Coinciding with the 150th anniversary of when the 13th Amendment abolishing slavery in the United States became law, an exhibit on the history of convict leasing in Texas is now on display at Rice. “Convict Leasing in Sugar Land: Featuring the Research Collection of Reginald Moore” will be viewable through Dec. 24 in the main first-floor hallway of Fondren Library.
The exhibit, which was created by Amanda Focke, an archivist in the library’s Woodson Research Center, grew out of collaboration between Reginald Moore of Sugar Land and Lora Wildenthal, professor of history at Rice. Moore had contacted Wildenthal in fall 2014 to discuss the work that he and others in the Texas Slave Descendants Society were doing to raise public awareness about the relatively unknown history of convict leasing in Fort Bend County and in Texas more generally. Rice’s History Department specializes in Southern history, the history of slavery and the history of post-emancipation labor, Wildenthal said.
“When the convict-lease system started here in Texas in 1867, it was an atrocity how they treated those individuals,” Moore said of his motivation to research the issue and begin assembling a collection. “I just wanted to tell that story. I’m hoping that the community, the city and the university will be aware.
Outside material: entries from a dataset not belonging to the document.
lemma rtrancl_adj_simple_walk:
  assumes "(x, y) \<in> (adj G e i)\<^sup>*"
  shows "\<exists>q. walk e i x q y \<and> set q \<subseteq> G \<and> (\<forall>h\<in>set q. i h \<noteq> h)
           \<and> distinct (map e q) \<and> y \<notin> e ` set q"
  using assms
proof (induction rule: converse_rtrancl_induct)
  case base
  show ?case by (intro exI[of _ "[]"]) simp
next
  case (step x x')
  then obtain h where h: "h \<in> G" "i h \<noteq> h" "e h = x" "e (i h) = x'"
    by (auto simp: adj_def)
  from step obtain q where q: "walk e i x' q y" "set q \<subseteq> G" "\<forall>h\<in>set q. i h \<noteq> h"
      "distinct (map e q)" "y \<notin> e ` set q"
    by blast
  consider "x = y" | "x \<noteq> y" "x \<in> e ` set q" | "x \<noteq> y" "x \<notin> e ` set q" by blast
  then show ?case
  proof cases
    case 1
    then show ?thesis by (intro exI[of _ "[]"]) simp
  next
    case 2
    \<comment> \<open>the vertex \<open>x\<close> is revisited: shortcut to the suffix of \<open>q\<close> starting there\<close>
    then obtain j where j: "j < length q" "e (q ! j) = x" by (auto simp: in_set_conv_nth)
    have "walk e i x (drop j q) y" using walk_drop[OF q(1) j(1)] j(2) by simp
    moreover have "distinct (map e (drop j q))" using q(4) by (simp add: drop_map[symmetric])
    ultimately show ?thesis using q(2,3,5) set_drop_subset[of j q] by blast
  next
    case 3
    then show ?thesis using h q by (intro exI[of _ "h # q"]) auto
  qed
qed

lemma mod_succ_succ_eq_imp_two:
  fixes i j n :: nat
  assumes "i < n" "j < n" "i \<noteq> j" "j = (i + 1) mod n" "i = (j + 1) mod n"
  shows "n = 2"
  using assms
  by (metis add.right_neutral add_Suc_right less_add_one linorder_neqE_nat mod_less mod_self
      not_add_less1 not_less_eq not_mod2_eq_Suc_0_eq_0 one_add_one zero_neq_one)

lemma closed_walk_repeated_edge:
  assumes walk: "walk endp iv x c x"
    and dist: "distinct (map endp c)"
    and inv: "\<forall>h\<in>set c. iv (iv h) = h"
    and ij: "i < length c" "j < length c" "i \<noteq> j"
    and eq: "{c ! i, iv (c ! i)} = {c ! j, iv (c ! j)}"
  shows "length c = 2 \<and> c ! 1 = iv (c ! 0)"
proof -
  let ?n = "length c"
  have idx: "a = b" if "a < ?n" "b < ?n" "endp (c ! a) = endp (c ! b)" for a b
    using dist that by (metis length_map nth_eq_iff_index_eq nth_map)
  have "c ! j \<noteq> c ! i" using idx ij by metis
  with eq have cj: "c ! j = iv (c ! i)" by blast
  with inv ij have ci: "iv (c ! j) = c ! i" by auto
  have succ_lt: "(a + 1) mod ?n < ?n" for a using ij(1) by (intro mod_less_divisor) auto
  have "endp (c ! j) = endp (c ! ((i + 1) mod ?n))"
    using closed_walk_nth[OF walk ij(1)] cj by simp
  then have "j = (i + 1) mod ?n" using idx[OF ij(2) succ_lt] by blast
  moreover have "endp (c ! i) = endp (c ! ((j + 1) mod ?n))"
    using closed_walk_nth[OF walk ij(2)] ci by simp
  then have "i = (j + 1) mod ?n" using idx[OF ij(1) succ_lt] by blast
  ultimately have n: "?n = 2" using mod_succ_succ_eq_imp_two[OF ij] by blast
  with ij have "(i = 0 \<and> j = 1) \<or> (i = 1 \<and> j = 0)" by auto
  with n cj ci show ?thesis by auto
qed

lemma closed_walk_is_cycle:
  assumes walk: "walk endp iv x c x"
    and H: "set c \<subseteq> H"
    and nonleg: "\<forall>h\<in>set c. iv h \<noteq> h \<and> iv (iv h) = h"
    and dist: "distinct (map endp c)"
    and nonempty: "c \<noteq> []"
    and not_back: "\<not> (length c = 2 \<and> c ! 1 = iv (c ! 0))"
  shows "is_cycle H endp iv c"
proof -
  have "distinct (map (\<lambda>h. {h, iv h}) c)"
    unfolding distinct_conv_nth length_map
  proof (intro allI impI)
    fix i j assume ij: "i < length c" "j < length c" "i \<noteq> j"
    show "map (\<lambda>h. {h, iv h}) c ! i \<noteq> map (\<lambda>h. {h, iv h}) c ! j"
    proof
      assume "map (\<lambda>h. {h, iv h}) c ! i = map (\<lambda>h. {h, iv h}) c ! j"
      then have "{c ! i, iv (c ! i)} = {c ! j, iv (c ! j)}" using ij by simp
      with closed_walk_repeated_edge[OF walk dist _ ij] nonleg not_back show False by blast
    qed
  qed
  then show ?thesis
    unfolding is_cycle_def using H nonleg dist nonempty closed_walk_nth[OF walk] by blast
qed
I’m hoping that this education will be compelling to everybody.”
After the Civil War, Southern plantation owners and businessmen lost the low-cost labor forces of slaves around which they had built an economy, according to the exhibit’s website. Businessmen and state governments in Southern states soon realized that the protections of the Emancipation Proclamation did not apply to African-Americans who had been convicted of crimes and could subsequently receive prison sentences. A system called “convict leasing” was developed in which an individual, usually an African-American man, would be convicted of a crime and sentenced to labor. A business owner would then lease the labor of the convict from the state and regain access to the low-cost, unregulated labor market once provided by slavery. Convict leasing wasn’t abolished until the early 20th century.
Over the summer of 2015, a Rice Center for Civic Leadership Houston Area Research Team consisting of Rice undergraduates Breland Coleman, Ryan Deal and Alexandra Franklin worked to create a permanent record of Moore’s personal papers and other materials he has collected related to convict leasing and that he decided to donate to Rice. Together with Focke, the students digitized Moore’s collection and created a website to highlight the project, http://exhibits.library.rice.edu/exhibits/show/sugarlandconvictleasing.
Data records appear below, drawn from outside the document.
lemma exp_profile_triangle: "exp (h a) \<le> exp (h c) * exp (h b)"
  using profile_subadditive[OF sides_nonneg triangle(1)] by (simp add: add.commute flip: exp_add)

lemma exp_profile_triangle_sharp:
  assumes "min a b \<le> c"
  shows "exp (h a) \<le> exp (h c) * exp (\<rho> * b powr \<nu>) powr \<nu>"
proof -
  have "h a \<le> h c + \<rho> * \<nu> * b powr \<nu>"
  proof (cases "a \<le> c")
    case True
    have "0 \<le> \<rho> * \<nu> * b powr \<nu>"
      using exponent_pos scale_pos by simp
    then show ?thesis
      using profile_mono[OF sides_nonneg(1) True] by linarith
  next
    case False
    then show ?thesis
      using profile_le_add_powr[of a b c] assms sides_nonneg triangle by auto
  qed
  then show ?thesis
    by (simp add: exp_powr_real mult_ac flip: exp_add)
qed

lemma exp_profile_increase_shortest_side:
  assumes "c \<le> a" "a \<le> b"
  shows "\<bar>exp (h a) - exp (h b)\<bar> * pw b (1 - \<nu>)
    \<le> pw c (1 - \<nu>) * exp (\<rho> * \<nu> * c powr \<nu>) * exp (h b)"
proof (cases "a = b")
  case False
  define Y where "Y = \<rho> * \<nu> * c powr \<nu>"
  have "0 < a"
    using triangle assms False by linarith
  have increase: "0 \<le> h b - h a"
    using profile_mono sides_nonneg assms by simp
  have "pw b (1 - \<nu>) \<le> 2 powr (1 - \<nu>) * pw a (1 - \<nu>)"
    using exponent_le_one triangle assms sides_nonneg by (intro pw_le_powr_mult_pw) auto
  also have "\<dots> \<le> 2 * a powr (1 - \<nu>)"
    unfolding pw_eq_powr[OF \<open>0 < a\<close>]
    using powr_mono[of "1 - \<nu>" 1 2] exponent_pos by (intro mult_right_mono) auto
  finally have "pw b (1 - \<nu>) \<le> 2 * a powr (1 - \<nu>)" .
  then have "(h b - h a) * pw b (1 - \<nu>) \<le> (h b - h a) * (2 * a powr (1 - \<nu>))"
    using increase by (rule mult_left_mono)
  also have "\<dots> = 2 * ((h b - h a) * a powr (1 - \<nu>))"
    by simp
  also have "\<dots> \<le> 2 * (\<rho> * \<nu> * (b - a))"
    using profile_increment_mult_powr[OF \<open>0 < a\<close> assms(2)] by simp
  also have "\<dots> \<le> 2 * (\<rho> * \<nu> * c)"
    using triangle scale_pos exponent_pos by simp
  also have "\<dots> = 2 * Y * pw c (1 - \<nu>)"
    by (simp add: Y_def powr_mult_pw_one_minus[OF exponent_pos sides_nonneg(3)] mult.assoc)
  finally have weighted: "(h b - h a) * pw b (1 - \<nu>) \<le> 2 * Y * pw c (1 - \<nu>)" .
  have "\<bar>exp (h a) - exp (h b)\<bar> = exp (h b) - exp (h a)"
    using increase by simp
  then have "\<bar>exp (h a) - exp (h b)\<bar> * pw b (1 - \<nu>) \<le> exp (h b) * (h b - h a) * pw b (1 - \<nu>)"
    using exp_diff_le_exp_mult_diff[of "h a" "h b"] increase
    by (simp add: mult_right_mono pw_nonneg)
  also have "\<dots> \<le> exp (h b) * (2 * Y * pw c (1 - \<nu>))"
    using weighted by (simp add: mult.assoc)
  also have "\<dots> \<le> exp (h b) * (exp Y * pw c (1 - \<nu>))"
    using two_mult_le_exp[of Y] pw_nonneg by (intro mult_left_mono mult_right_mono) auto
  finally show ?thesis
    by (simp add: Y_def ac_simps)
qed (simp add: pw_nonneg)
“The collection also shines a light on early 21st-century activism in Texas regarding convict leasing and on related issues such as gaps and inaccuracies in Texas history schoolbooks and racial disparities in the criminal justice system,” Wildenthal said. “The collection documents efforts to spread knowledge about the history of convict leasing and the refusal to accept the manifestations of racism, prisoner abuse and worker abuse that are part of convict leasing and its legacies.”
Moore’s materials will be permanently housed, in their original physical form and in digitized form, at the Woodson Research Center. The collection is titled “Reginald Moore Sugar Land Convict Leasing System Research Collection 1872-2015 MS 636.”